Exercise requirements =>
Include in the output exactly the lines from the opening of the data through the line containing "by (simp add: neg_part_def abs_le_square_iff[symmetric])", and nothing more.

Stored data entries:
════════════════════
lemma transpose_nonneg_mats: "A \<in> nonneg_mats \<Longrightarrow> transpose A \<in> nonneg_mats"
  by (simp add: nonneg_mats_def transpose_def)

lemma closed_nonneg_mats: "closed nonneg_mats"
  unfolding nonneg_mats_def by (intro closed_Collect_all closed_Collect_le continuous_intros)

lemma closed_stiefel: "closed stiefel"
proof -
  have "stiefel = {X. \<forall>i j. (transpose X ** X)$i$j = mat 1 $i$j}"
    unfolding stiefel_def by (simp add: vec_eq_iff)
  also have "closed \<dots>"
    by (simp add: matrix_matrix_mult_def transpose_def)
       (intro closed_Collect_all closed_Collect_eq continuous_intros)
  finally show ?thesis .
qed

lemma norm_stiefel:
  assumes "(X::real^'r^'n) \<in> stiefel"
  shows "norm X = sqrt CARD('r)"
proof -
  have "(norm X)^2 = CARD('r)"
    using assms by (simp add: stiefel_def power2_norm_matrix_eq_trace mat_def)
  then show ?thesis by (metis norm_ge_zero real_sqrt_unique)
qed

lemma compact_stiefel: "compact stiefel"
proof -
  have "bounded stiefel"
    by (auto simp: bounded_iff norm_stiefel)
  then show ?thesis using closed_stiefel by (simp add: compact_eq_bounded_closed)
qed

definition neg_part :: "real^'c^'r \<Rightarrow> real^'c^'r" where
  "neg_part X = (\<chi> i j. max 0 (- X$i$j))"

lemma neg_part_nonneg: "neg_part X \<in> nonneg_mats"
  by (simp add: neg_part_def nonneg_mats_def)

lemma add_neg_part_nonneg: "X + neg_part X \<in> nonneg_mats"
  by (simp add: neg_part_def nonneg_mats_def max_def)

lemma norm_neg_part_le_infdist: "norm (neg_part X) \<le> infdist X nonneg_mats"
proof -
  have "0 \<in> nonneg_mats" by (simp add: nonneg_mats_def)
  then obtain Y where Y: "Y \<in> nonneg_mats" and "infdist X nonneg_mats = dist X Y"
    using infdist_attains_inf[OF closed_nonneg_mats] by blast
  moreover have "(norm (neg_part X))^2 \<le> (norm (X - Y))^2"
    unfolding power2_norm_matrix
  proof (intro sum_mono)
    fix i j
    have "0 \<le> Y$i$j" using Y by (simp add: nonneg_mats_def)
    then have "max 0 (- X$i$j) \<le> \<bar>X$i$j - Y$i$j\<bar>" by arith
    then show "(neg_part X $i$j)^2 \<le> ((X - Y)$i$j)^2"
      by (simp add: neg_part_def abs_le_square_iff[symmetric])
  qed
  ultimately show ?thesis by (metis dist_norm norm_ge_zero power2_le_imp_le)
qed

lemma error_bound_from_local_error_bound:
  fixes K T :: "'a::metric_space set"
  assumes K: "compact K" and T: "closed T" and "0 < \<epsilon>"
    and local: "\<And>z. z \<in> K \<Longrightarrow> infdist z (K \<inter> T) < \<epsilon> \<Longrightarrow>
                  infdist z (K \<inter> T) \<le> c * infdist z T"
  shows "\<exists>\<kappa>>0. \<forall>z\<in>K. infdist z (K \<inter> T) \<le> \<kappa> * infdist z T"
proof -
  define C where "C = K \<inter> {z. \<epsilon> \<le> infdist z (K \<inter> T)}"
  have "compact C"
    unfolding C_def using K by (intro compact_Int_closed closed_Collect_le continuous_intros)
  have far: "K \<inter> T \<noteq> {}" "z \<notin> T" if "z \<in> C" for z
  proof -
    have "z \<in> K" and pos: "0 < infdist z (K \<inter> T)" using that \<open>0 < \<epsilon>\<close> by (auto simp: C_def)
    then show "K \<inter> T \<noteq> {}" by (auto simp: infdist_def)
    show "z \<notin> T" using pos \<open>z \<in> K\<close> by (metis IntI infdist_zero less_irrefl)
  qed
  obtain \<delta> where "0 < \<delta>" and \<delta>: "\<And>z. z \<in> C \<Longrightarrow> \<delta> \<le> infdist z T"
  proof (cases "C = {}")
    case False
    moreover have "continuous_on C (\<lambda>z. infdist z T)" by (intro continuous_intros)
    ultimately obtain z0 where "z0 \<in> C" and min: "\<forall>z\<in>C. infdist z0 T \<le> infdist z T"
      using continuous_attains_inf[OF \<open>compact C\<close>] by blast
    moreover have "0 < infdist z0 T"
      using far[OF \<open>z0 \<in> C\<close>] T by (intro infdist_pos_not_in_closed) auto
    ultimately show ?thesis using that by blast
  qed (use that[of 1] in auto)
  define D where "D = diameter K"
  have "0 \<le> D" unfolding D_def using K by (simp add: diameter_ge_0 compact_imp_bounded)
  define \<kappa> where "\<kappa> = max c (D / \<delta>) + 1"
  have "0 < \<kappa>" using divide_nonneg_pos[OF \<open>0 \<le> D\<close> \<open>0 < \<delta>\<close>] by (simp add: \<kappa>_def max_def)
  moreover have "infdist z (K \<inter> T) \<le> \<kappa> * infdist z T" if "z \<in> K" for z
  proof (cases "infdist z (K \<inter> T) < \<epsilon>")
    case True
    then have "infdist z (K \<inter> T) \<le> c * infdist z T" using local \<open>z \<in> K\<close> by blast
    also have "\<dots> \<le> \<kappa> * infdist z T"
      by (intro mult_right_mono) (auto simp: \<kappa>_def infdist_nonneg)
    finally show ?thesis .
  next
    case False
    then have "z \<in> C" using \<open>z \<in> K\<close> by (simp add: C_def)
    then obtain s where "s \<in> K \<inter> T" using far by blast
    then have "infdist z (K \<inter> T) \<le> D"
      using infdist_le[of s "K \<inter> T" z] diameter_bounded_bound[OF compact_imp_bounded[OF K] \<open>z \<in> K\<close>]
      by (force simp: D_def)
    also have "\<dots> = D / \<delta> * \<delta>" using \<open>0 < \<delta>\<close> by simp
    also have "\<dots> \<le> \<kappa> * infdist z T"
      using \<delta>[OF \<open>z \<in> C\<close>] \<open>0 < \<kappa>\<close> \<open>0 < \<delta>\<close>
      by (intro mult_mono) (auto simp: \<kappa>_def max_def)
    finally show ?thesis .
  qed
  ultimately show ?thesis by blast
qed

lemma orthogonal_skew_defect:
  fixes W :: "real^'r^'r"
  assumes "transpose W ** W = mat 1"
  shows "(W - mat 1) + transpose (W - mat 1) = - (transpose (W - mat 1) ** (W - mat 1))"
proof -
  define A where "A = W - mat 1"
  have "mat 1 = transpose (mat 1 + A) ** (mat 1 + A)"
    using assms by (simp add: A_def)
  also have "\<dots> = mat 1 + A + transpose A + transpose A ** A"
    by (simp add: transpose_add matrix_add_ldistrib matrix_add_rdistrib)
  finally show ?thesis unfolding A_def[symmetric] by (simp add: eq_neg_iff_add_eq_0 add.assoc)
qed

lemma power2_le_of_neg_parts_le:
  fixes a b p q :: real
  assumes "0 \<le> p" "- a \<le> p" "0 \<le> q" "- b \<le> q"
  shows "a^2 \<le> p^2 + 2 * q^2 + 2 * (a + b)^2"
proof -
  consider "a < 0" | "0 \<le> a" "b < 0" | "0 \<le> a" "0 \<le> b" by linarith
  then show ?thesis
  proof cases
    case 1
    then have "a^2 \<le> p^2" using assms by (simp add: abs_le_square_iff[symmetric])
    then show ?thesis by (simp add: add_increasing2)
  next
    case 2
    have "a^2 \<le> 2 * b^2 + 2 * (a + b)^2"
      using sum_squares_ge_zero[of "a + 2 * b" 0] by (simp add: power2_eq_square algebra_simps)
    moreover have "b^2 \<le> q^2" using 2 assms by (simp add: abs_le_square_iff[symmetric])
    ultimately show ?thesis using zero_le_power2[of p] by linarith
  next
    case 3
    then have "a^2 \<le> (a + b)^2" by (simp add: abs_le_square_iff[symmetric])
    then show ?thesis using zero_le_power2[of p] zero_le_power2[of q] zero_le_power2[of "a + b"]
      by linarith
  qed
qed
════════════════════
Exercise output =>
lemma transpose_nonneg_mats: "A \<in> nonneg_mats \<Longrightarrow> transpose A \<in> nonneg_mats"
  by (simp add: nonneg_mats_def transpose_def)

lemma closed_nonneg_mats: "closed nonneg_mats"
  unfolding nonneg_mats_def by (intro closed_Collect_all closed_Collect_le continuous_intros)

lemma closed_stiefel: "closed stiefel"
proof -
  have "stiefel = {X. \<forall>i j. (transpose X ** X)$i$j = mat 1 $i$j}"
    unfolding stiefel_def by (simp add: vec_eq_iff)
  also have "closed \<dots>"
    by (simp add: matrix_matrix_mult_def transpose_def)
       (intro closed_Collect_all closed_Collect_eq continuous_intros)
  finally show ?thesis .
qed

lemma norm_stiefel:
  assumes "(X::real^'r^'n) \<in> stiefel"
  shows "norm X = sqrt CARD('r)"
proof -
  have "(norm X)^2 = CARD('r)"
    using assms by (simp add: stiefel_def power2_norm_matrix_eq_trace mat_def)
  then show ?thesis by (metis norm_ge_zero real_sqrt_unique)
qed

lemma compact_stiefel: "compact stiefel"
proof -
  have "bounded stiefel"
    by (auto simp: bounded_iff norm_stiefel)
  then show ?thesis using closed_stiefel by (simp add: compact_eq_bounded_closed)
qed

definition neg_part :: "real^'c^'r \<Rightarrow> real^'c^'r" where
  "neg_part X = (\<chi> i j. max 0 (- X$i$j))"

lemma neg_part_nonneg: "neg_part X \<in> nonneg_mats"
  by (simp add: neg_part_def nonneg_mats_def)

lemma add_neg_part_nonneg: "X + neg_part X \<in> nonneg_mats"
  by (simp add: neg_part_def nonneg_mats_def max_def)

lemma norm_neg_part_le_infdist: "norm (neg_part X) \<le> infdist X nonneg_mats"
proof -
  have "0 \<in> nonneg_mats" by (simp add: nonneg_mats_def)
  then obtain Y where Y: "Y \<in> nonneg_mats" and "infdist X nonneg_mats = dist X Y"
    using infdist_attains_inf[OF closed_nonneg_mats] by blast
  moreover have "(norm (neg_part X))^2 \<le> (norm (X - Y))^2"
    unfolding power2_norm_matrix
  proof (intro sum_mono)
    fix i j
    have "0 \<le> Y$i$j" using Y by (simp add: nonneg_mats_def)
    then have "max 0 (- X$i$j) \<le> \<bar>X$i$j - Y$i$j\<bar>" by arith
    then show "(neg_part X $i$j)^2 \<le> ((X - Y)$i$j)^2"
      by (simp add: neg_part_def abs_le_square_iff[symmetric])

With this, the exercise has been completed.